To appreciate whether the above conclusion of the High Court is sustainable or not we have carefully gone through the entire evidence on record. Having done so we find that the High Court was fully justified in reversing the acquittal as the trial Judge’s approach in appreciation of evidence was patently wrong and perverse. While on this point we may also mention that some of the reasons given by the trial Judge are of such flimsy character that they did not merit any consideration in the appellate Court. Besides the trial Judge was not at all justified in relying upon minor discrepancies regarding details to discard the evidence of the eye witnesses which the High Court noticed and rightly ignored. (Para 9 to 11, 13)
2. Appabhai v. State of Gujarat, AIR 1988 SC 696. (Para 12)
3. Bhoginbhai Hirjibhai v. State of Gujarat, AIR 1983 SC 753. (Para 12)

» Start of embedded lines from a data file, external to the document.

interpretation psc: module "psc :: 'k::field \<Rightarrow> 'k npoly \<Rightarrow> 'k npoly"
  by unfold_locales (simp_all add: psc_def fun_eq_iff algebra_simps)

definition pbasis :: "mon \<Rightarrow> 'k::field npoly" where
  "pbasis t = (\<lambda>u. if u = t then 1 else 0)"

lemma fin_supp_plus:
  fixes p q :: "'k::comm_monoid_add npoly"
  shows "fin_supp p \<Longrightarrow> fin_supp q \<Longrightarrow> fin_supp (p + q)"
  unfolding fin_supp_def
  by (rule finite_subset[of _ "{t. p t \<noteq> 0} \<union> {t. q t \<noteq> 0}"]) auto

lemma fin_supp_zero: "fin_supp 0"
  by (simp add: fin_supp_def)

lemma fin_supp_psc: "fin_supp p \<Longrightarrow> fin_supp (psc c p)"
  unfolding fin_supp_def psc_def
  by (rule finite_subset[of _ "{t. p t \<noteq> 0}"]) auto

lemma fin_supp_uminus: "fin_supp (p :: 'k::group_add npoly) \<Longrightarrow> fin_supp (- p)"
  by (simp add: fin_supp_def)

lemma fin_supp_minus:
  fixes p q :: "'k::ab_group_add npoly"
  shows "fin_supp p \<Longrightarrow> fin_supp q \<Longrightarrow> fin_supp (p - q)"
  using fin_supp_plus[of p "- q"] by (simp add: fin_supp_uminus)

lemma fin_supp_pbasis: "fin_supp (pbasis t)"
  unfolding fin_supp_def pbasis_def
  by (rule finite_subset[of _ "{t}"]) auto

lemma fin_supp_sum:
  "(\<And>i. i \<in> I \<Longrightarrow> fin_supp (g i :: 'k::comm_monoid_add npoly)) \<Longrightarrow> fin_supp (\<Sum>i\<in>I. g i)"
  by (induction I rule: infinite_finite_induct) (simp_all add: fin_supp_plus fin_supp_zero)

lemma support_pmul_subset:
  "{t. pmul p q t \<noteq> 0} \<subseteq> (\<lambda>(s, u). M s u) ` ({s. p s \<noteq> 0} \<times> {u. q u \<noteq> 0})"
proof
  fix t
  assume "t \<in> {t. pmul p q t \<noteq> 0}"
  then show "t \<in> (\<lambda>(s, u). M s u) ` ({s. p s \<noteq> 0} \<times> {u. q u \<noteq> 0})"
    by (cases t) (auto simp: pmul_def)
qed

lemma fin_supp_pmul: "fin_supp p \<Longrightarrow> fin_supp q \<Longrightarrow> fin_supp (pmul p q)"
  unfolding fin_supp_def using support_pmul_subset
  by (metis finite_SigmaI finite_imageI finite_subset)

lemma pmul_add_right: "pmul p (q + r) = pmul p q + pmul p r"
  by (auto simp: pmul_def fun_eq_iff distrib_left split: mon.split)

lemma pmul_psc_right: "pmul p (psc c q) = psc c (pmul p q)"
  by (auto simp: pmul_def psc_def fun_eq_iff split: mon.split)

lemma pmul_pbasis: "pmul (pbasis s) (pbasis u) = pbasis (M s u)"
  by (auto simp: pmul_def pbasis_def fun_eq_iff split: mon.split)

lemma Lie_ideal_zero: "0 \<in> Lie_ideal"
  using Lie_ideal.zero by (simp add: pzero_eq_zero)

4. Sohrab v. State of M.P., AIR 1972 SC 2020. (Para 12)
1. Fifteen persons were put up for trial before the Additional Sessions Judge, Ahmedabad (Rural) at Narol for rioting with deadly weapons, committing the murder of Govindbhai Girdharbhai and attempting to commit the murders of Arvind Kumar Kanjibhai and Vinodchandra Keshavlal. The trial Judge acquitted them of all the charges and aggrieved thereby the State of Gujarat preferred an appeal. The High Court admitted the appeal against seven out of the fifteen acquitted and dismissed it summarily as regards others. The appeal was ultimately allowed and all the seven accused were convicted under Sections 148, and 326 read with section 149 IPC for causing grievous hurt to Govindbhai. For the injuries caused to Arvind and Vinod some of them were convicted under sections 324 and 326 IPC (simpliciter) respectively and the rest with the aid of section 149 IPC. For the above convictions rigorous imprisonment ranging from 1 to 3 years and fines were imposed with a direction that the substantive sentences shall run concurrently. Assailing their convictions and sentences the seven accused have filed one of these two appeals (Criminal Appeal No.381 of 1989). The other appeal (Criminal Appeal No. 382 of 1989) has been filed by Arvind for setting aside the acquittal of the seven accused in respect of the charges under section 302/149 and 307/149 (two counts) and convicting them thereunder; alternatively, for enhancement of their sentences for the convictions recorded against them by the High Court. Both the appeals have been heard together and this judgment will dispose of them.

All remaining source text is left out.